- Work instructions -
Where the records below show a line containing "s S \<longleftrightarrow>", start copying; end with the line containing "using assms GD_disjoint[OF", and copy it too.

- Available data -
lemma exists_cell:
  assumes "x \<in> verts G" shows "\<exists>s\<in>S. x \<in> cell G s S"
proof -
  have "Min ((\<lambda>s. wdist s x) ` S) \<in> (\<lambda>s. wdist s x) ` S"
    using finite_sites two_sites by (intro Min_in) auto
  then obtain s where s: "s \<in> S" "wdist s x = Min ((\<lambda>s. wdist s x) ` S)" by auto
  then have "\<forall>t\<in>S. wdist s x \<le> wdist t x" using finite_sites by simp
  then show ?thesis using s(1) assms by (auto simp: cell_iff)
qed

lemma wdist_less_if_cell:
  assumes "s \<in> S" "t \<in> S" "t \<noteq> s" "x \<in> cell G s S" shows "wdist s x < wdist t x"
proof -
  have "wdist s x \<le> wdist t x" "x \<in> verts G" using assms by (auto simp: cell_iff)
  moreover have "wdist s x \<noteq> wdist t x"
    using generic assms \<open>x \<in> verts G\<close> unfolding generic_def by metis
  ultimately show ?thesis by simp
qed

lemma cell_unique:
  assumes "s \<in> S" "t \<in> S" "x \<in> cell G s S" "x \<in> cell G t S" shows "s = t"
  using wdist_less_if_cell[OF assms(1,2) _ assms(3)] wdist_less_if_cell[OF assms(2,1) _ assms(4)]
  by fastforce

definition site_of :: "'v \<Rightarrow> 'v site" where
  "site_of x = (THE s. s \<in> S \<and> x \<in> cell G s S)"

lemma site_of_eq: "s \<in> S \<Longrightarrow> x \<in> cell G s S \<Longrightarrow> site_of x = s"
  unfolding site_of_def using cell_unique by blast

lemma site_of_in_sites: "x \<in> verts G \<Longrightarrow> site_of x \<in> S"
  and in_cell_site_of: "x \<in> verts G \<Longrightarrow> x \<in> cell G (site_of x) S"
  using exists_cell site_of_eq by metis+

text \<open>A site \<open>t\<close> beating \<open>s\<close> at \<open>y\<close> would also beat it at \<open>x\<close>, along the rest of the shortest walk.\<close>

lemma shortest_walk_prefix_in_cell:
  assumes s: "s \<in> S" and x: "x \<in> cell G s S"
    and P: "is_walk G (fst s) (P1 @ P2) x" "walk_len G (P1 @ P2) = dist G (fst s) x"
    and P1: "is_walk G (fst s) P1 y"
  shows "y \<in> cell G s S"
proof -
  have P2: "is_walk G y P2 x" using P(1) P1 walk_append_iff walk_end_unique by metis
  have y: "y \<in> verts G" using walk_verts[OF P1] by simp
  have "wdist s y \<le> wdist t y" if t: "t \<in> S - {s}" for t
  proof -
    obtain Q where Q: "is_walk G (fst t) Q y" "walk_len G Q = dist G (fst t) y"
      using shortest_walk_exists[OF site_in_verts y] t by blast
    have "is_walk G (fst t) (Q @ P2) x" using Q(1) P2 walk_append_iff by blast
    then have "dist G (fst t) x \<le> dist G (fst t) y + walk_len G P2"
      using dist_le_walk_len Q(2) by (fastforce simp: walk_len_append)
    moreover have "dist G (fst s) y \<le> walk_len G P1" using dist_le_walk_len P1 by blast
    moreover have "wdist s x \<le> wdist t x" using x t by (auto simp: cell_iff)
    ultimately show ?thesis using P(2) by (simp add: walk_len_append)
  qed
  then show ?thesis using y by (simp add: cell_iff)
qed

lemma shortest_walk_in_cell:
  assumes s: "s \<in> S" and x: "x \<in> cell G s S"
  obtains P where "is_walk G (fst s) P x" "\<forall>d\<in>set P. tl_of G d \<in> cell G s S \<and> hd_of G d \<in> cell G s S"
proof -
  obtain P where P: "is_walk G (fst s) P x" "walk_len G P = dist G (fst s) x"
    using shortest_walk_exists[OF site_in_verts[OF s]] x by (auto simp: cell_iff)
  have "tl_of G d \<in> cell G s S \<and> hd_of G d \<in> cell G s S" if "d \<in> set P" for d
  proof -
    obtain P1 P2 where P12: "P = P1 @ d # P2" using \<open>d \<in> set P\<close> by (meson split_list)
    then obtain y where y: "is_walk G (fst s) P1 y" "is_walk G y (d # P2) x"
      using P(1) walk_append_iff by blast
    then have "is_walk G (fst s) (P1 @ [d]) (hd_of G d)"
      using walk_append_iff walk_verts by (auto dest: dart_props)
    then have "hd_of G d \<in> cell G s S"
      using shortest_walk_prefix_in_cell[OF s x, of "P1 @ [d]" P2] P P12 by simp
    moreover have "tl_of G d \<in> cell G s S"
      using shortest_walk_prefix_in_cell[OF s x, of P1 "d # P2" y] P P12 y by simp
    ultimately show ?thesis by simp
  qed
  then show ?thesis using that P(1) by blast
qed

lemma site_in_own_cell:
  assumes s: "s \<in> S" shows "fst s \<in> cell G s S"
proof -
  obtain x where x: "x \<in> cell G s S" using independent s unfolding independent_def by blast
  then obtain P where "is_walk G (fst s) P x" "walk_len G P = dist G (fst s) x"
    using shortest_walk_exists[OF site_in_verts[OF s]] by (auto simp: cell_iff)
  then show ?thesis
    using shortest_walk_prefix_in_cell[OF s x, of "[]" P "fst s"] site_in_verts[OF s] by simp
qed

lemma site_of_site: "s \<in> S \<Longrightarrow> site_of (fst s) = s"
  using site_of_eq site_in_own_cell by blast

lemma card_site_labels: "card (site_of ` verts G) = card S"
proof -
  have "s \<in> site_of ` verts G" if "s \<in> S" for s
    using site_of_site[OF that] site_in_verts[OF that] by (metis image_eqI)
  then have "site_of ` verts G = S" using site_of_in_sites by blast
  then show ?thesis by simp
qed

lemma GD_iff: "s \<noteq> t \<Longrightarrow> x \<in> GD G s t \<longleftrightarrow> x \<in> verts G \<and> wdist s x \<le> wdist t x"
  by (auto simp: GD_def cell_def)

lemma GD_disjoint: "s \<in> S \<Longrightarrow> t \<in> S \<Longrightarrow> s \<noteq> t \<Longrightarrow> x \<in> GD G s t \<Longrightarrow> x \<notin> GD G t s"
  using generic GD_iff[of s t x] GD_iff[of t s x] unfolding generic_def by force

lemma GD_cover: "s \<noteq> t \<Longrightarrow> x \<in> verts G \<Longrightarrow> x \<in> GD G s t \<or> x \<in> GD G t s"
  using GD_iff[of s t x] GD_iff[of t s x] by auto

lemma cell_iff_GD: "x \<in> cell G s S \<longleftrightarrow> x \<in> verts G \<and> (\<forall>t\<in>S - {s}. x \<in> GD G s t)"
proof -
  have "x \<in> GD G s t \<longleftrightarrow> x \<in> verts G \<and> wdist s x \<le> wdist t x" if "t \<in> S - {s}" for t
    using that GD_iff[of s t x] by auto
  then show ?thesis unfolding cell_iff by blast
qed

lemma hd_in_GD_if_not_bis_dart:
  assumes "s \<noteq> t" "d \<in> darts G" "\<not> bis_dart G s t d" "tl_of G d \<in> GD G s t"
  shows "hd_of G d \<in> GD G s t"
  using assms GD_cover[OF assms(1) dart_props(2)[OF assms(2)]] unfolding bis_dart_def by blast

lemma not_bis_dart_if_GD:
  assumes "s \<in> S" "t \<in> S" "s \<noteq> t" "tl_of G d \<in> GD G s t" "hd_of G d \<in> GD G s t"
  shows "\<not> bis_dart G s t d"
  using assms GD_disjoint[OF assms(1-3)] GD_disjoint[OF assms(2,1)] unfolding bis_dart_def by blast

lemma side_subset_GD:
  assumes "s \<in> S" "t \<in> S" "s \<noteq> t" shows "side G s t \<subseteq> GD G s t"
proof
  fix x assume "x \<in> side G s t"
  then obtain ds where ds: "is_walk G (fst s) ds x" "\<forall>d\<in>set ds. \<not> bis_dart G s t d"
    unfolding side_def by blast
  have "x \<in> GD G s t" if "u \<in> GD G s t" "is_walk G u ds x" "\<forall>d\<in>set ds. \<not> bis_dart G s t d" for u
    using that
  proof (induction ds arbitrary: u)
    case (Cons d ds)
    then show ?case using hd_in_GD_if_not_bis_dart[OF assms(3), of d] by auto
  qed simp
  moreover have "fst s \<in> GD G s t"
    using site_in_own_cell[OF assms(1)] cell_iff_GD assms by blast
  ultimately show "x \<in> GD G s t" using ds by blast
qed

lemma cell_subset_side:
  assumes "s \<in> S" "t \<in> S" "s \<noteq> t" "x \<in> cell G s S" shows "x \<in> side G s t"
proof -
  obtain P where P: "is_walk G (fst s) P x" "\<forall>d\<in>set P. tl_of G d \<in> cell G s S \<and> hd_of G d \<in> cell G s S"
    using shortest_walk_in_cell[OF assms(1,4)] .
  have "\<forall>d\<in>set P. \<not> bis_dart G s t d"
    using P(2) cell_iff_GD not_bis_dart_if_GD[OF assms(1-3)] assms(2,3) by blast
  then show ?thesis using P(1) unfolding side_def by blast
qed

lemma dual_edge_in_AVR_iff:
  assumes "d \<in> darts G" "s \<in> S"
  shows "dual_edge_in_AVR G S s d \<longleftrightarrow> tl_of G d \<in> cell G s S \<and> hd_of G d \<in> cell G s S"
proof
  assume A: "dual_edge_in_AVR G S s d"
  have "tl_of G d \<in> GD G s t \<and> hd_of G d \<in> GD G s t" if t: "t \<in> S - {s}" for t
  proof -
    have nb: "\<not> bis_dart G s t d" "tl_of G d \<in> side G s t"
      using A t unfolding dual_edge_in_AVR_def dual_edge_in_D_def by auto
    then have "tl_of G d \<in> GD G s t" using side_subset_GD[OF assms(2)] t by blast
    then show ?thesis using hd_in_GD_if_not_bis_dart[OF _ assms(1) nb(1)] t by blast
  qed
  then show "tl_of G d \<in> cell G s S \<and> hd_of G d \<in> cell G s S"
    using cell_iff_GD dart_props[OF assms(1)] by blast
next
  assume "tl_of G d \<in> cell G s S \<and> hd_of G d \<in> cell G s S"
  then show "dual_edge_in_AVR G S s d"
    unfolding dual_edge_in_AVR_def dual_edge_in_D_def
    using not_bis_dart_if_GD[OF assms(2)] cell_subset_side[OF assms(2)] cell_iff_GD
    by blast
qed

* * *

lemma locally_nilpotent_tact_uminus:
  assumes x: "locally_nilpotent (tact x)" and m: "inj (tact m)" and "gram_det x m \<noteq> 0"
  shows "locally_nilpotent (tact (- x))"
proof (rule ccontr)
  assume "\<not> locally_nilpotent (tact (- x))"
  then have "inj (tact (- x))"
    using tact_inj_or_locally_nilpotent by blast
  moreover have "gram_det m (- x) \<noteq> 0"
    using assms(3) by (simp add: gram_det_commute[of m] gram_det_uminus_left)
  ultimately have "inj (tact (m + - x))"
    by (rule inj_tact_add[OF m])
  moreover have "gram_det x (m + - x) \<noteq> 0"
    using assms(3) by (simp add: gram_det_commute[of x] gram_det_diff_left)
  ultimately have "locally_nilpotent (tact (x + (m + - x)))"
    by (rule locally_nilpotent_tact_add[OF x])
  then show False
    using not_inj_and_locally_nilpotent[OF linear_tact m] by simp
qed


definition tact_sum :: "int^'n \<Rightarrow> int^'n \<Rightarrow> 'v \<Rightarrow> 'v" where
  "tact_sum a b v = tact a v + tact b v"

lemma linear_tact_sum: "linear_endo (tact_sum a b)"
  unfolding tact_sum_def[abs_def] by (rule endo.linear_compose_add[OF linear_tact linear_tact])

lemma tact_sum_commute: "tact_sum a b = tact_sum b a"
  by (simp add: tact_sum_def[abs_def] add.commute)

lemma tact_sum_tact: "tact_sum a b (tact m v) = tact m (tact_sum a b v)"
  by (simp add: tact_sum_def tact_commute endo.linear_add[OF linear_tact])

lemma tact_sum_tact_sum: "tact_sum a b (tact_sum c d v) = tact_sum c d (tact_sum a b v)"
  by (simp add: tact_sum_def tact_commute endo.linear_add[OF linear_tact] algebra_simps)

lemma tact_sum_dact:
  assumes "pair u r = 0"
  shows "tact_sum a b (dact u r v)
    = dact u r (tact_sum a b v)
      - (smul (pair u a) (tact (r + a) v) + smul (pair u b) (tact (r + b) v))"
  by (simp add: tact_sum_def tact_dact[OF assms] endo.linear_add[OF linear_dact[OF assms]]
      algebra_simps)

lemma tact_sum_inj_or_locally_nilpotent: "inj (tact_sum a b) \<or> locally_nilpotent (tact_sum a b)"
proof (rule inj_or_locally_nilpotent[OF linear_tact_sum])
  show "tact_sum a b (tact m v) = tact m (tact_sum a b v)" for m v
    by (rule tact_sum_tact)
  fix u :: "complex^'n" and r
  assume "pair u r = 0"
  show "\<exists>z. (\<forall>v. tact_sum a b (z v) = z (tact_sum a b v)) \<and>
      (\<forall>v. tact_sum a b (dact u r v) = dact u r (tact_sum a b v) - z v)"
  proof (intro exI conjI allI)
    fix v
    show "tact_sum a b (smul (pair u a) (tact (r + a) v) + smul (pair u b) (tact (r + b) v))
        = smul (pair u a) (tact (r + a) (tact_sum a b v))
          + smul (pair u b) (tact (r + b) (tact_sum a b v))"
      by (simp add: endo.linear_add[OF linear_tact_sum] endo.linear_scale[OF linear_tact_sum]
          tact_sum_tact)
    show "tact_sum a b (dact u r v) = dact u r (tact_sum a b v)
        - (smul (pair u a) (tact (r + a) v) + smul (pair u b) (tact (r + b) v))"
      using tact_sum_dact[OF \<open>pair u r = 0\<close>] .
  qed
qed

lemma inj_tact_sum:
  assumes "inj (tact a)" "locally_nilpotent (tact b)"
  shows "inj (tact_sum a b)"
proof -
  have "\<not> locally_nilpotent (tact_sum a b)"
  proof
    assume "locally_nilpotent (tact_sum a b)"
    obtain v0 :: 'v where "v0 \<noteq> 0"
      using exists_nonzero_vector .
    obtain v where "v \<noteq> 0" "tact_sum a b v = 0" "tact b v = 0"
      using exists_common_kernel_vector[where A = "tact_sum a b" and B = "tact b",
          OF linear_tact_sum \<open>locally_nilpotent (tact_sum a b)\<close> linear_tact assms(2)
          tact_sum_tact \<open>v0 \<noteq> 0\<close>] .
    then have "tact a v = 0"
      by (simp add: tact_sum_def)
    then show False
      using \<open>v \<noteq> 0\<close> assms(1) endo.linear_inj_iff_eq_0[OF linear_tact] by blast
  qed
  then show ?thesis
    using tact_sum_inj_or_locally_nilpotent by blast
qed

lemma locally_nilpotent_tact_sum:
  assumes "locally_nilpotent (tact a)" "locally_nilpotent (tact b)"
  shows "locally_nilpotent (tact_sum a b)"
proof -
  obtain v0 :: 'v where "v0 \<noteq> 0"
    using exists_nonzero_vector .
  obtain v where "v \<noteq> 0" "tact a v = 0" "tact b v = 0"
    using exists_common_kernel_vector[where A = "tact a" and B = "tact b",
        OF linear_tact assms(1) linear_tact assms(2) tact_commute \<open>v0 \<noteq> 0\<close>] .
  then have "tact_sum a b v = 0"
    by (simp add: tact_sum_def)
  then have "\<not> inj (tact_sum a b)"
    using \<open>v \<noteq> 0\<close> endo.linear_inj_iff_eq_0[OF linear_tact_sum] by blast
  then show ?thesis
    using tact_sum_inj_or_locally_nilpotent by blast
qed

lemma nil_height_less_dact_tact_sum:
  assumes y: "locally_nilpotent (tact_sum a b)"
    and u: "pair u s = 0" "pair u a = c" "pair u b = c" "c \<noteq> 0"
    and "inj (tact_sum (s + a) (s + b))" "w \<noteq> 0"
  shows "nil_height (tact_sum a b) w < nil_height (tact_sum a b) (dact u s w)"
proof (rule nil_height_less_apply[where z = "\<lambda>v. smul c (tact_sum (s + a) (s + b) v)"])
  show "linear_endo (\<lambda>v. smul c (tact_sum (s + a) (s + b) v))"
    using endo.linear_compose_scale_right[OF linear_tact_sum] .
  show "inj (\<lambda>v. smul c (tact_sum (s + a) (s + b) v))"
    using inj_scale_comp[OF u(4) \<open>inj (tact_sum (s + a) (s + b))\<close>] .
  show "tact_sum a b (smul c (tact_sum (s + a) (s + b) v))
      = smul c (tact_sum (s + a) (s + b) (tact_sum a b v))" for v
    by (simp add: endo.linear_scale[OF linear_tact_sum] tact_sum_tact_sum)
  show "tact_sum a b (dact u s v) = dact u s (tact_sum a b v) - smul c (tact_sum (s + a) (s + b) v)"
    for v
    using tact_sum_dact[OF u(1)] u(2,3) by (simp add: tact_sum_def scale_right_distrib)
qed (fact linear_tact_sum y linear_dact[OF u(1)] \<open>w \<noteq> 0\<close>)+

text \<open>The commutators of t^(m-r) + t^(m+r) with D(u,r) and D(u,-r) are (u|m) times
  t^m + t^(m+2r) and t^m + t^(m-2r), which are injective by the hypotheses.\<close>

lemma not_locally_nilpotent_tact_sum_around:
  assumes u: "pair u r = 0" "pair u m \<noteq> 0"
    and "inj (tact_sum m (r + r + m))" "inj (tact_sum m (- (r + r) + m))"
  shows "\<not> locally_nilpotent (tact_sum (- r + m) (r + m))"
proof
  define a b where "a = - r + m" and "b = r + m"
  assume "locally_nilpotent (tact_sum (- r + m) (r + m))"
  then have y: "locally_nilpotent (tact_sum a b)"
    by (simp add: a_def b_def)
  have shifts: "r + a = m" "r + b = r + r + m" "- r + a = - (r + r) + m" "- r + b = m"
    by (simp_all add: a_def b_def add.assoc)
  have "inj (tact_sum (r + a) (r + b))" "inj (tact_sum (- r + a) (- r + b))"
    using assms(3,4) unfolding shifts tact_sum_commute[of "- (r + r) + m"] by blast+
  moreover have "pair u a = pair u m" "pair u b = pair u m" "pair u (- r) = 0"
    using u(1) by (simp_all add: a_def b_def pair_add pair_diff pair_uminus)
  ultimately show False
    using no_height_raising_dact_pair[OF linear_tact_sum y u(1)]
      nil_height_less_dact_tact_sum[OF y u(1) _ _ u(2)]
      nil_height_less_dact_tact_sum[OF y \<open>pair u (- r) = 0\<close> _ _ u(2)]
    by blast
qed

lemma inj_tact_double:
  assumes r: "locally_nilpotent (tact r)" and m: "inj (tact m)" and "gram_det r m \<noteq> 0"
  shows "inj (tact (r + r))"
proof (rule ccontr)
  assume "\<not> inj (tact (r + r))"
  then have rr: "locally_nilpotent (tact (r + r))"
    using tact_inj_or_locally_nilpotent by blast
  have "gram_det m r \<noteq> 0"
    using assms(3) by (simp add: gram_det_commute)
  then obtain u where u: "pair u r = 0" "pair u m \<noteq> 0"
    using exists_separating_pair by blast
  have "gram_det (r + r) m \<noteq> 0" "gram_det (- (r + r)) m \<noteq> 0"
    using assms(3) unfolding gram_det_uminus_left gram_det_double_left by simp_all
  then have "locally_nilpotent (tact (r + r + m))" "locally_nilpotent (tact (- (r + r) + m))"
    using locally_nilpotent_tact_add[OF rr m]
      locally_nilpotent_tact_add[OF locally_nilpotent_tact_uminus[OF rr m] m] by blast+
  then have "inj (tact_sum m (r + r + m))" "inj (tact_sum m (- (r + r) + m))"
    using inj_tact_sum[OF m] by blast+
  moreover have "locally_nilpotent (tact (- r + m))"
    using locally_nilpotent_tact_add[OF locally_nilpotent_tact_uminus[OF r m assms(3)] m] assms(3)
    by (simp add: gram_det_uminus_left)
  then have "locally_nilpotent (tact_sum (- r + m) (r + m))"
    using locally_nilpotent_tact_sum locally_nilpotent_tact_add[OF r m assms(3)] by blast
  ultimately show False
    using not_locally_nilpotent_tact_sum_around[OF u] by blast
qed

- Response below -
lemma cell_iff_GD: "x \<in> cell G s S \<longleftrightarrow> x \<in> verts G \<and> (\<forall>t\<in>S - {s}. x \<in> GD G s t)"
proof -
  have "x \<in> GD G s t \<longleftrightarrow> x \<in> verts G \<and> wdist s x \<le> wdist t x" if "t \<in> S - {s}" for t
    using that GD_iff[of s t x] by auto
  then show ?thesis unfolding cell_iff by blast
qed

lemma hd_in_GD_if_not_bis_dart:
  assumes "s \<noteq> t" "d \<in> darts G" "\<not> bis_dart G s t d" "tl_of G d \<in> GD G s t"
  shows "hd_of G d \<in> GD G s t"
  using assms GD_cover[OF assms(1) dart_props(2)[OF assms(2)]] unfolding bis_dart_def by blast

lemma not_bis_dart_if_GD:
  assumes "s \<in> S" "t \<in> S" "s \<noteq> t" "tl_of G d \<in> GD G s t" "hd_of G d \<in> GD G s t"
  shows "\<not> bis_dart G s t d"
  using assms GD_disjoint[OF assms(1-3)] GD_disjoint[OF assms(2,1)] unfolding bis_dart_def by blast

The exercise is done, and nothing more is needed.